UTAS will monitor the wellbeing of the bandicoots and the success of the trial.
“The monitoring of the survival of the bandicoots and the fate of the bandicoot population is something that we are going to do with Zoos Victoria,” UTAS professor of wildlife conservation Christopher Johnson said.
“The university's involvement in this is quite central and it really helps to understand if the trial is working, and why.”
Professor Johnson said the bandicoot used to be a common farmland species, as it naturally occurs in open woodlands with a grassy understory.
“If we were able to protect them (the bandicoots) from predators by a method that also fitted with farm management then that means lots of other people could do it,” he said.
“Anyone who’s got a bit of a problem protecting their sheep from foxes might want to think about using these guardian dogs for protection and once they've done that, if we prove that the guardian dogs can help protect the bandicoots, then just about any farmer in Victoria could be a bandicoot conservationist.
“The potential is really wide, it could be like country wide conservation to the extent that people are willing to participate in it.”
Professor Johnson is hopeful the trial will work, and said if it does it will be significant.

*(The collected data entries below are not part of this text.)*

definition knorm :: "('a::ab_group_add \<Rightarrow> 'a \<Rightarrow> complex) \<Rightarrow> 'a set \<Rightarrow> 'a set \<Rightarrow> 'a \<Rightarrow> real" where
  "knorm kf Kp Km x =
     sqrt (Re (kf (pcomp Kp Km x) (pcomp Kp Km x)) - Re (kf (mcomp Kp Km x) (mcomp Kp Km x)))"

definition kconv :: "('a::ab_group_add \<Rightarrow> 'a \<Rightarrow> complex) \<Rightarrow> 'a set \<Rightarrow> 'a set \<Rightarrow> (nat \<Rightarrow> 'a) \<Rightarrow> 'a \<Rightarrow> bool" where
  "kconv kf Kp Km X l \<longleftrightarrow> (\<lambda>n. knorm kf Kp Km (X n - l)) \<longlonglongrightarrow> 0"

definition kcauchy :: "('a::ab_group_add \<Rightarrow> 'a \<Rightarrow> complex) \<Rightarrow> 'a set \<Rightarrow> 'a set \<Rightarrow> (nat \<Rightarrow> 'a) \<Rightarrow> bool" where
  "kcauchy kf Kp Km X \<longleftrightarrow>
     (\<forall>e>0. \<exists>N. \<forall>m\<ge>N. \<forall>n\<ge>N. knorm kf Kp Km (X m - X n) < e)"

definition krein_space ::
  "(complex \<Rightarrow> 'a::ab_group_add \<Rightarrow> 'a) \<Rightarrow> ('a \<Rightarrow> 'a \<Rightarrow> complex) \<Rightarrow> 'a set \<Rightarrow> 'a set \<Rightarrow> bool" where
  "krein_space sc kf Kp Km \<longleftrightarrow>
     cvs sc \<and> hermitian_form sc kf \<and>
     csubspace sc Kp \<and> csubspace sc Km \<and>
     Kp \<inter> Km = {0} \<and> (\<forall>x. \<exists>p\<in>Kp. \<exists>m\<in>Km. x = p + m) \<and>
     (\<forall>x\<in>Kp. \<forall>y\<in>Km. kf x y = 0) \<and>
     (\<forall>x\<in>Kp. x \<noteq> 0 \<longrightarrow> Re (kf x x) > 0) \<and>
     (\<forall>x\<in>Km. x \<noteq> 0 \<longrightarrow> Re (kf x x) < 0) \<and>
     (\<forall>X. (\<forall>n. X n \<in> Kp) \<and> kcauchy kf Kp Km X \<longrightarrow> (\<exists>l\<in>Kp. kconv kf Kp Km X l)) \<and>
     (\<forall>X. (\<forall>n. X n \<in> Km) \<and> kcauchy kf Kp Km X \<longrightarrow> (\<exists>l\<in>Km. kconv kf Kp Km X l))"

text \<open>Operators in K: a domain together with an action (only relevant on the domain).\<close>
type_synonym 'a lop = "'a set \<times> ('a \<Rightarrow> 'a)"

definition linear_op :: "(complex \<Rightarrow> 'a::ab_group_add \<Rightarrow> 'a) \<Rightarrow> 'a lop \<Rightarrow> bool" where
  "linear_op sc T \<longleftrightarrow> csubspace sc (fst T) \<and>
     (\<forall>x\<in>fst T. \<forall>y\<in>fst T. snd T (x + y) = snd T x + snd T y) \<and>
     (\<forall>a. \<forall>x\<in>fst T. snd T (sc a x) = sc a (snd T x))"
lemma Qp_residue_0:
  assumes x: "x \<in> Qp p" and p: "p > 0" and c: "x (int \<gamma>) = of_nat c"
  shows "x 0 = 0"
proof -
  have "x 0 = rmod (x (int \<gamma>)) (of_nat p powi 0)" by (rule Qp_residue_rmod[OF x p]) simp
  also have "\<dots> = rmod (of_nat c) (of_nat 1)" using c by simp
  also have "\<dots> = of_nat (c mod 1)" by (rule rmod_of_nat) simp
  finally show ?thesis by simp
qed

lemma Qp_residue_Ints:
  assumes x: "x \<in> Qp p" and p: "p > 0" and "x 0 = 0" "0 \<le> m"
  shows "x m \<in> \<int>"
proof -
  have "x 0 = rmod (x m) (of_nat p powi 0)" by (rule Qp_residue_rmod[OF x p \<open>0 \<le> m\<close>])
  hence "x m = of_int \<lfloor>x m\<rfloor>" using \<open>x 0 = 0\<close> by (simp add: rmod_def)
  thus ?thesis by (metis Ints_of_int)
qed

definition denom_exp :: "(int \<Rightarrow> rat) \<Rightarrow> nat" where
  "denom_exp x = (SOME K. x (- int K) = 0)"

lemma Qp_denom_exp:
  assumes "x \<in> Qp p"
  shows "x (- int (denom_exp x)) = 0"
proof -
  obtain N where N: "\<forall>n\<le>N. x n = 0" using QpD(5)[OF assms] by blast
  have "x (- int (nat (- N))) = 0" using N by simp
  thus ?thesis unfolding denom_exp_def by (rule someI)
qed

“If it works for that then it should work for other things as well, like eastern quolls which are in the same position as bandicoots,” he said.
The university has already been monitoring the foxes in the area of the trial, to understand their behaviour and numbers.
“Then when the dogs go in we’ll monitor them to measure the change in the use of the area by foxes and the behaviour of those foxes,” Professor Johnson said.